Question: In your 4/26 Q+A you addressed contact tracing and concluded that there will need to be a massive workforce expansion in order to carry it out. Can you tell us how the CDC will expand their workforce, qualifications required to work in this field going forward, and who pays for it all?
Answer: This is a big topic everywhere you turn. And there are numerous proposals on how to go about doing it, including Senator Gillibrand and Senator Bennet’s proposal, Health Force. Most experts agree that contact tracing can be easily taught and the skills do not require any higher-level educational background — a high school education suffices. Currently, it’s up to States and localities to establish their own contact tracing programs. For example, Partners in Health is working with the State of Massachusetts to establish a state-wide COVID-19 contact tracing program. In terms of a national response, experts suggest the cost will be multiple billions of dollars. Here’s a quick run down of the various proposals for a national response that I’m aware of:
- Health Force: Senator Gillibrand and Senator Bennet’s proposal to address the dual health and economic crises facing the country by establishing a new, federally funded and locally-managed Health Force. Health Force members would be recruited from their communities to work in their communities on behalf of state and local public health organizations. Force members would be quickly trained and employed to conduct contact tracing. They would also fulfill other key COVID-19 related tasks, like assisting with testing, vaccination campaigns, health messaging, data collection and entry, food and medicine delivery to isolated individuals, health and social system navigators, and more. After the current crisis abates, Health Force members would continue to serve vulnerable communities, helping to bridge health and wellness gaps. The proposal would provide funding to all states and territories to hire hundreds of thousands of individuals across the country.
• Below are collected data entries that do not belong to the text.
text \<open>In the section at \<open>x\<close>, a letter \<open>b\<^sup>n\<close> of \<open>w\<close> acts at the first letter \<open>x + a_exp w'\<close>,
  where \<open>w'\<close> is the part of \<open>w\<close> to its right, which acts first.\<close>

fun section_word :: "letter list \<Rightarrow> nat \<Rightarrow> letter list" where
  "section_word [] x = []"
| "section_word (Apow k # w) x = section_word w x"
| "section_word (Bpow n # w) x = (if (x + a_exp w) mod p = 0 then Bpow n
      else Apow (expvec p r E n ((x + a_exp w) mod p))) # section_word w x"

fun b_exp :: "letter list \<Rightarrow> nat \<Rightarrow> nat" where
  "b_exp [] = (\<lambda>_. 0)"
| "b_exp (Apow k # w) = b_exp w"
| "b_exp (Bpow n # w) = (\<lambda>j. n j + b_exp w j)"

fun b_count :: "letter list \<Rightarrow> nat" where
  "b_count [] = 0"
| "b_count (Apow k # w) = b_count w"
| "b_count (Bpow n # w) = Suc (b_count w)"

lemma eval_word_Nil [simp]: "eval_word w [] = []"
  by (induction w rule: b_count.induct) auto

lemma eval_word_Cons:
  "x < p \<Longrightarrow> eval_word w (x # u) = ((x + a_exp w) mod p) # eval_word (section_word w x) u"
proof (induction w rule: b_count.induct)
  case (2 k w)
  have "((x + a_exp w) mod p + k) mod p = (x + a_exp (Apow k # w)) mod p"
    by (simp add: mod_add_left_eq) (simp add: algebra_simps)
  then show ?case using 2 by simp
qed auto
- Pandemic Response and Opportunity Through National Service Act: This is a companion bill to Health Force that is being led by Senator Coons and colleagues. The idea is to expand service opportunities to respond to the panoply of COVID-19-related needs — health and beyond — across the country, including contact tracing. This legislation would expand AmeriCorps positions from 75,000 to 150,000 in Year 1 and to 300,000 in Years 2 and 3.
- Containment Corps: Senator Warren and Rep. Levin have also rolled out a strategy to address the contact tracing workforce gap. This plan would call for CDC to: a) develop a national strategy “to hire, train, and deploy nationwide individuals to augment public health authorities’ capacity [to conduct contact tracing]”; b) provide grants to states and local public health agencies to hire, train, and deploy such members; and c) provide regular reporting on such members. It would also require the Department of Labor to provide funding to state and tribal workforce agencies to link unemployed with Corps jobs.
- U.S. Public Health Jobs Corps: This is Joe Biden’s plan to mobilize at least 100,000 Americans across the country who could, “serve in a variety of important functions, including ensuring contact tracing reaches every under-served community in America — ideally by members of those communities themselves…. U.S. Public Health Jobs Corps would become the permanent foundation for a stronger national community public health service that could eventually transition to fight the opioid epidemic and address other national public health priorities.” This idea is a bit of a combination of the above proposals.
- Association of State and Territorial Health Officials: ASTHO recommends that Congress help scale up “existing capacity at the state, local and territorial” levels, rather than “set up a system outside existing public health agency response.” The national organization offers suggestions in terms of workforce and funding needs.
- Bipartisan Group of 16 Public Health Leaders: Last week, a bipartisan group of public health leaders sent a letter to Congress requesting $12 billion to help expand the contact tracing workforce and $34 billion to support other elements of the public health response. As NPR reports, “The officials estimate the workforce needs to increase by 180,000 until a vaccine is on the market.”